▸ **MATERIAL SHOWN**
======
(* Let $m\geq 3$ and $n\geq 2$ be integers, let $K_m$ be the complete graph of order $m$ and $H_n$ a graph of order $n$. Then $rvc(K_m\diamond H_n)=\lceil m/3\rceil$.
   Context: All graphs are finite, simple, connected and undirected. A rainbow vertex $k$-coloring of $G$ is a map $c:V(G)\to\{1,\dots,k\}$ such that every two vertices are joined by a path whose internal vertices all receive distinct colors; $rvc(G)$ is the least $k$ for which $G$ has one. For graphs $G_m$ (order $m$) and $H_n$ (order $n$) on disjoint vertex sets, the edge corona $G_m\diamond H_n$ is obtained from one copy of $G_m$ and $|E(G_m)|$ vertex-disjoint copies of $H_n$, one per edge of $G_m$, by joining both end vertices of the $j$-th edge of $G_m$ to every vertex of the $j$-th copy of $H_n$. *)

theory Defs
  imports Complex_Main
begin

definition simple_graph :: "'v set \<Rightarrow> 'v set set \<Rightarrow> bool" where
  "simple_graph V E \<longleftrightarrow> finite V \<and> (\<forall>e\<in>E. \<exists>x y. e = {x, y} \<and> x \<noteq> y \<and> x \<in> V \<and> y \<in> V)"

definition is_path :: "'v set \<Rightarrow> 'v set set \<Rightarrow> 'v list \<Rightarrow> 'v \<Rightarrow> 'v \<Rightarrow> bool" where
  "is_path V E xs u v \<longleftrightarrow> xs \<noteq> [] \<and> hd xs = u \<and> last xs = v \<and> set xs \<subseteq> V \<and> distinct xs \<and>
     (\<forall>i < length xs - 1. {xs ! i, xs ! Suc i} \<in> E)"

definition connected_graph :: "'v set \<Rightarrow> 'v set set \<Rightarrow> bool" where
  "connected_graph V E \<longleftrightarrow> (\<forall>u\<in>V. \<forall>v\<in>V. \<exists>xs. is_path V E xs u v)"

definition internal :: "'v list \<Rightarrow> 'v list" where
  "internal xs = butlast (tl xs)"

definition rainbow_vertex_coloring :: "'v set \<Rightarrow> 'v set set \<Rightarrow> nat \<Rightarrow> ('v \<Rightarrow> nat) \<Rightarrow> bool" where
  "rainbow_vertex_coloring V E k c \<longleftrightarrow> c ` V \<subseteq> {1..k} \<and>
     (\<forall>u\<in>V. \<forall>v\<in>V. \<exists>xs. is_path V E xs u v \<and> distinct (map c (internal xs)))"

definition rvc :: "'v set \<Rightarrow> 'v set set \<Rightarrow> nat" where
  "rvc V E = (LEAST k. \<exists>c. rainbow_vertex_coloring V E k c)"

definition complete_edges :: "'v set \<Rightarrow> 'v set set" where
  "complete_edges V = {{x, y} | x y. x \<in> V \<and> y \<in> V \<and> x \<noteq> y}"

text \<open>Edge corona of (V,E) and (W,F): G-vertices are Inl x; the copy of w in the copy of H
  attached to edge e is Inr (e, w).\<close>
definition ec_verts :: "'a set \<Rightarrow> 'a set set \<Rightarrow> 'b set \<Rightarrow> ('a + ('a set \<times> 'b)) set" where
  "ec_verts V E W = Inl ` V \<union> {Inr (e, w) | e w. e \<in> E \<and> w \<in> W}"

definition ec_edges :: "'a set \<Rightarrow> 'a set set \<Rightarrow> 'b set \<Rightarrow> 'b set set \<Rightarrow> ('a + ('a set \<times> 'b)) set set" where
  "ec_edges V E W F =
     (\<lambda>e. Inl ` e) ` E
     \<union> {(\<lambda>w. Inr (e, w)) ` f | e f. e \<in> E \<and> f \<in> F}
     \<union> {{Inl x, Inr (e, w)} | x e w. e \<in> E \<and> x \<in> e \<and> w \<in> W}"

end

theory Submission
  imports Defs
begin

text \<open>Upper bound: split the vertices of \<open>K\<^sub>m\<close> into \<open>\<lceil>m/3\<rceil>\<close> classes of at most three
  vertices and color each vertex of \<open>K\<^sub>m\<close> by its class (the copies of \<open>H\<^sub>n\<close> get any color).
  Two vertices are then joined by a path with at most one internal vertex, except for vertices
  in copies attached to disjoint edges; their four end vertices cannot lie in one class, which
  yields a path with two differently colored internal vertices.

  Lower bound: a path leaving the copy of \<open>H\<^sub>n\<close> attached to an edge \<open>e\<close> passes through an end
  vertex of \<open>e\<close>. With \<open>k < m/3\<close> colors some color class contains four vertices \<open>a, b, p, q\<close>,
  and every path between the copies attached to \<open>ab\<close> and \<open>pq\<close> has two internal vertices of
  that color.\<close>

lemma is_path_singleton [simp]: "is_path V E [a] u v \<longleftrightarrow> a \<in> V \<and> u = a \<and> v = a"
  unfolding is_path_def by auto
======
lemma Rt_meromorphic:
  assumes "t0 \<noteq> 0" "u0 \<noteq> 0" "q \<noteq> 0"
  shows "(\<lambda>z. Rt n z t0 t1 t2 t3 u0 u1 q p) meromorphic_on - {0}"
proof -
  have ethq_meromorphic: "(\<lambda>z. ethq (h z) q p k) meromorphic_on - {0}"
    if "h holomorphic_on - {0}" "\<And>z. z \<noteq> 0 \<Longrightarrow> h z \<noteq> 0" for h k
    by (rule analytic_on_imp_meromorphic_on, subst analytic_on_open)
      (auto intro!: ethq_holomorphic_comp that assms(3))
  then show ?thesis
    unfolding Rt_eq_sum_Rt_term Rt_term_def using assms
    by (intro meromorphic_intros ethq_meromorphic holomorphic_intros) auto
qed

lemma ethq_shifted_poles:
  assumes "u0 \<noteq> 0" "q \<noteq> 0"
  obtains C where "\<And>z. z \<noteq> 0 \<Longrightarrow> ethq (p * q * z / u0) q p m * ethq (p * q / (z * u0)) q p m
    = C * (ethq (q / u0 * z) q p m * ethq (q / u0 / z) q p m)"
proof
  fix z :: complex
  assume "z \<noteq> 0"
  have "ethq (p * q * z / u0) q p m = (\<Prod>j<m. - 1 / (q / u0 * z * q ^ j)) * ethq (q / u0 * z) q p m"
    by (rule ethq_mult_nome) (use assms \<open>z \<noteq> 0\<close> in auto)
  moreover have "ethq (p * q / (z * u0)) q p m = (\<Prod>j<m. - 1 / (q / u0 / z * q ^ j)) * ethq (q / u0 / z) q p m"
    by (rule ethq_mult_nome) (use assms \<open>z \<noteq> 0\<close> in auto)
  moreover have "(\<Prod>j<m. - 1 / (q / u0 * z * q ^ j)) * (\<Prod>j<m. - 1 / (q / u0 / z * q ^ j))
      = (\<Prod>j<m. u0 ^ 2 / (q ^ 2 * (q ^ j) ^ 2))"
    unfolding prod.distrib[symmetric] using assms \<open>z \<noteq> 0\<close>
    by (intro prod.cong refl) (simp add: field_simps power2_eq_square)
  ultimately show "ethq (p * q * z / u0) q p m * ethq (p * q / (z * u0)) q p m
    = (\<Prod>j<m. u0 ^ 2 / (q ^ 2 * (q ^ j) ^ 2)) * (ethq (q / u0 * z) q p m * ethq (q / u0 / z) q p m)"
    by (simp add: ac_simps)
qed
======
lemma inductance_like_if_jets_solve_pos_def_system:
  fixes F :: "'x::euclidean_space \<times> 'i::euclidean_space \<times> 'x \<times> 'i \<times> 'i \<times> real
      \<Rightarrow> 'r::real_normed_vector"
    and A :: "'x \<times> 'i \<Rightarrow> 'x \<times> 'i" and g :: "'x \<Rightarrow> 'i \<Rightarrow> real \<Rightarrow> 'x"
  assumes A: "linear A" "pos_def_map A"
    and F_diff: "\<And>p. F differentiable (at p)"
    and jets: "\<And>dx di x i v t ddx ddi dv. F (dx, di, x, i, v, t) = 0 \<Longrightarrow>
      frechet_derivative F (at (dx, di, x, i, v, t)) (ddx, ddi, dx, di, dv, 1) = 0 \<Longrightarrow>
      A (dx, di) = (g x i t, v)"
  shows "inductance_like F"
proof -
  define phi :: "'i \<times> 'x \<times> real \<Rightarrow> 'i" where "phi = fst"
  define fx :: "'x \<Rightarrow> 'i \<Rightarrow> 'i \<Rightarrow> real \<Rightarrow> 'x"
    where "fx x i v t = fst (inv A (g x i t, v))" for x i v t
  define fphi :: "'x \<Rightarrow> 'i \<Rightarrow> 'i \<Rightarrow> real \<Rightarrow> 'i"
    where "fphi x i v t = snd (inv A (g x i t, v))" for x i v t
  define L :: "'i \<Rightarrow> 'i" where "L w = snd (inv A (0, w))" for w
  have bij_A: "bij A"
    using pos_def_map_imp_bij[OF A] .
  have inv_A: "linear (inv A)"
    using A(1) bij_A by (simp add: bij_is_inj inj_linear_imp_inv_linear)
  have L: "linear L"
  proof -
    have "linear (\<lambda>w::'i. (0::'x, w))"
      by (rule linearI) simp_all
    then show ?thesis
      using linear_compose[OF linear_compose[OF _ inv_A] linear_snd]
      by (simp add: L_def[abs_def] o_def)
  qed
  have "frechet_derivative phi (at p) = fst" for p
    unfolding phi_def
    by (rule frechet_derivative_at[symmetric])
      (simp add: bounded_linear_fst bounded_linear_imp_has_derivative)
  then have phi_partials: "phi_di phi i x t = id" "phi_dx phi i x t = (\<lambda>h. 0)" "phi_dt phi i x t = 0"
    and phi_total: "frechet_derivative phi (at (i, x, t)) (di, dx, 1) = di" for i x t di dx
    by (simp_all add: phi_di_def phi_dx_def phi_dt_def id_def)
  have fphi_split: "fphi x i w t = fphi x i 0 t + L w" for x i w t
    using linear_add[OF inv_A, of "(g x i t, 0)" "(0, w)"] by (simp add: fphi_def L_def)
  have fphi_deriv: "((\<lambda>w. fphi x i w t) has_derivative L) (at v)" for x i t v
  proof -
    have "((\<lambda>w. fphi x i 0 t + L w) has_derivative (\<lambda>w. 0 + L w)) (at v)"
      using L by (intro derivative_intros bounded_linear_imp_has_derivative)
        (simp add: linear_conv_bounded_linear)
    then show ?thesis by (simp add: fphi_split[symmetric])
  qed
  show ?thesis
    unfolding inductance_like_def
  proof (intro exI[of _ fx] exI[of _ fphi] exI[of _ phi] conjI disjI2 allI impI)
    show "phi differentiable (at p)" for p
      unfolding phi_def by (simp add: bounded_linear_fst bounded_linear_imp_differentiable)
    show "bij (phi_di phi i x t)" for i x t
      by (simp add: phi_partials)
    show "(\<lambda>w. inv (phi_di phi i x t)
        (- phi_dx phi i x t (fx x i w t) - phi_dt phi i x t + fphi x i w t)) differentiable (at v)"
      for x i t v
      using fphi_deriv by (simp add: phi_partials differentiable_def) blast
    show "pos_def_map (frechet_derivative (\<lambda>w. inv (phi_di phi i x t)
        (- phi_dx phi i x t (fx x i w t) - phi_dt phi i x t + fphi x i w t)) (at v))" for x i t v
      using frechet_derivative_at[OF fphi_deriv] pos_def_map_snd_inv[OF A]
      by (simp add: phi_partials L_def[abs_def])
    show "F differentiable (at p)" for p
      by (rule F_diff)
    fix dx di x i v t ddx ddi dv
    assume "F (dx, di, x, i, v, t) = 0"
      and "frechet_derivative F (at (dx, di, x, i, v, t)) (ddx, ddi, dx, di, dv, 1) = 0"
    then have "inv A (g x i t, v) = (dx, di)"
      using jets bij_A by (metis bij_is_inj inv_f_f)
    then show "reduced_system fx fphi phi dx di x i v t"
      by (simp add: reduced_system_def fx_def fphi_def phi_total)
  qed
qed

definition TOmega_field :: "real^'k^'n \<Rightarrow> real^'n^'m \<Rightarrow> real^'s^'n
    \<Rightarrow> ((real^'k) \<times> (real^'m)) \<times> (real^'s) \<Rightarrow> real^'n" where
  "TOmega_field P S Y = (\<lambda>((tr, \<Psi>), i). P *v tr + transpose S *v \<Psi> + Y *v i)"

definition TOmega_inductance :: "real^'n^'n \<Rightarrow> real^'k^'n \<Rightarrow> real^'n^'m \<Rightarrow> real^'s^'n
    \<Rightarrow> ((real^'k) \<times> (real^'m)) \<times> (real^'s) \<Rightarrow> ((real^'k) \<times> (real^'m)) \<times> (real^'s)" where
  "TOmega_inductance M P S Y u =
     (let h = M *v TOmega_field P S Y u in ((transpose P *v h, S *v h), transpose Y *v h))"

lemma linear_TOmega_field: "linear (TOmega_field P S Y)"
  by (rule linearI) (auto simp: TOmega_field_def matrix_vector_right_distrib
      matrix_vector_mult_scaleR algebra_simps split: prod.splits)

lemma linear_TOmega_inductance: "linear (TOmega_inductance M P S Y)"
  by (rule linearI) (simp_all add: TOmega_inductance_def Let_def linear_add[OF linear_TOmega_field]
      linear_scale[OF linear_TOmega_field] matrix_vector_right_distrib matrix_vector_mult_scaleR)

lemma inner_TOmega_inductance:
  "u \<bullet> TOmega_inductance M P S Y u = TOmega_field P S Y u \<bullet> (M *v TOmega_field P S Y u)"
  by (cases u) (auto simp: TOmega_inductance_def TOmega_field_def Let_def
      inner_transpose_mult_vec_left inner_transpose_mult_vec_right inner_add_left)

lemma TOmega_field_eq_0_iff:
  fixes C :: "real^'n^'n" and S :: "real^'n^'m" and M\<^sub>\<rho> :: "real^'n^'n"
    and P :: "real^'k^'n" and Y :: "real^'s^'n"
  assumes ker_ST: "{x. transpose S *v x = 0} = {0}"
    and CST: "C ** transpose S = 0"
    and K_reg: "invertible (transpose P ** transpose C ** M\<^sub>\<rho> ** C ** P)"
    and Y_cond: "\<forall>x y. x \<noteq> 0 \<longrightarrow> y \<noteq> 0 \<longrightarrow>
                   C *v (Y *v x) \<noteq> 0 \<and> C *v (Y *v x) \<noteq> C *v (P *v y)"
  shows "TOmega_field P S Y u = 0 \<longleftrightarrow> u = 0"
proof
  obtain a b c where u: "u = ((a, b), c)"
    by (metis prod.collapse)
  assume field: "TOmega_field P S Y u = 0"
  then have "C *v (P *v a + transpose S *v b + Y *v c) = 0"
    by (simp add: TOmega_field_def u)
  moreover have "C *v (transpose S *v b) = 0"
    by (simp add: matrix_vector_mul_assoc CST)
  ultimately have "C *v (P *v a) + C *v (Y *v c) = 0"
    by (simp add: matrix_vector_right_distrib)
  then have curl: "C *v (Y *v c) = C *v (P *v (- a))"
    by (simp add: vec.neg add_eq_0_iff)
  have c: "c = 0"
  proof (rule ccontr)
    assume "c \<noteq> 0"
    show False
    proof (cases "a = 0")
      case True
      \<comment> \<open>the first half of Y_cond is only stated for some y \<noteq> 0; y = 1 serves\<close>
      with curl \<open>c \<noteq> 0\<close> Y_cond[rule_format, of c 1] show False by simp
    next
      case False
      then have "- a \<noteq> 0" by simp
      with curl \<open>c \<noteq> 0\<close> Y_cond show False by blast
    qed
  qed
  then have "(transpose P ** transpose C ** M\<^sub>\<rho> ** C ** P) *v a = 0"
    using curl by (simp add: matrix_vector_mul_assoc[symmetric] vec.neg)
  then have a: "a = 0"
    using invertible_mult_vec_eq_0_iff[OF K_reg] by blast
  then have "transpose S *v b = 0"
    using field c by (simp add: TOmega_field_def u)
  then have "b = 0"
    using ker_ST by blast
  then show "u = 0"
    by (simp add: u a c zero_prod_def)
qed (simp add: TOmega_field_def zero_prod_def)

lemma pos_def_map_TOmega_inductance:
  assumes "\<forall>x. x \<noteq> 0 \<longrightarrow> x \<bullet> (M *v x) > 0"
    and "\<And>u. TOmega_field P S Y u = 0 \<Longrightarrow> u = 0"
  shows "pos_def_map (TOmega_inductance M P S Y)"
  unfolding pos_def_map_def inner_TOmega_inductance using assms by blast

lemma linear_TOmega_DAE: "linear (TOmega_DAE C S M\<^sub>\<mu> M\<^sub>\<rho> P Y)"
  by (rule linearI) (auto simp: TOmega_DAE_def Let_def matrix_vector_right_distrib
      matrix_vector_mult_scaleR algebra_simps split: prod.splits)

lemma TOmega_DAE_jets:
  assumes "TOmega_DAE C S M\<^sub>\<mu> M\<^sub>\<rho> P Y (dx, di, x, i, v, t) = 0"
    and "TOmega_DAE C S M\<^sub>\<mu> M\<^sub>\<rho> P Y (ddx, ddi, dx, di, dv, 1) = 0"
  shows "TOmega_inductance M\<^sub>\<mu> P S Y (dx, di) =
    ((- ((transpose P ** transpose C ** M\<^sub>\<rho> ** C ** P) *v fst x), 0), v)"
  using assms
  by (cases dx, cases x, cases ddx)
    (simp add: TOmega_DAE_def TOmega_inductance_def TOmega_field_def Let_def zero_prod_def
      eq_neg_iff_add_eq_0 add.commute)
======
▸ **EXERCISE DIRECTIONS**
Go through the material above and copy each line that has the word "subseteq".

▸ **RESULT FOR THIS TASK**
  "is_path V E xs u v \<longleftrightarrow> xs \<noteq> [] \<and> hd xs = u \<and> last xs = v \<and> set xs \<subseteq> V \<and> distinct xs \<and>
  "rainbow_vertex_coloring V E k c \<longleftrightarrow> c ` V \<subseteq> {1..k} \<and>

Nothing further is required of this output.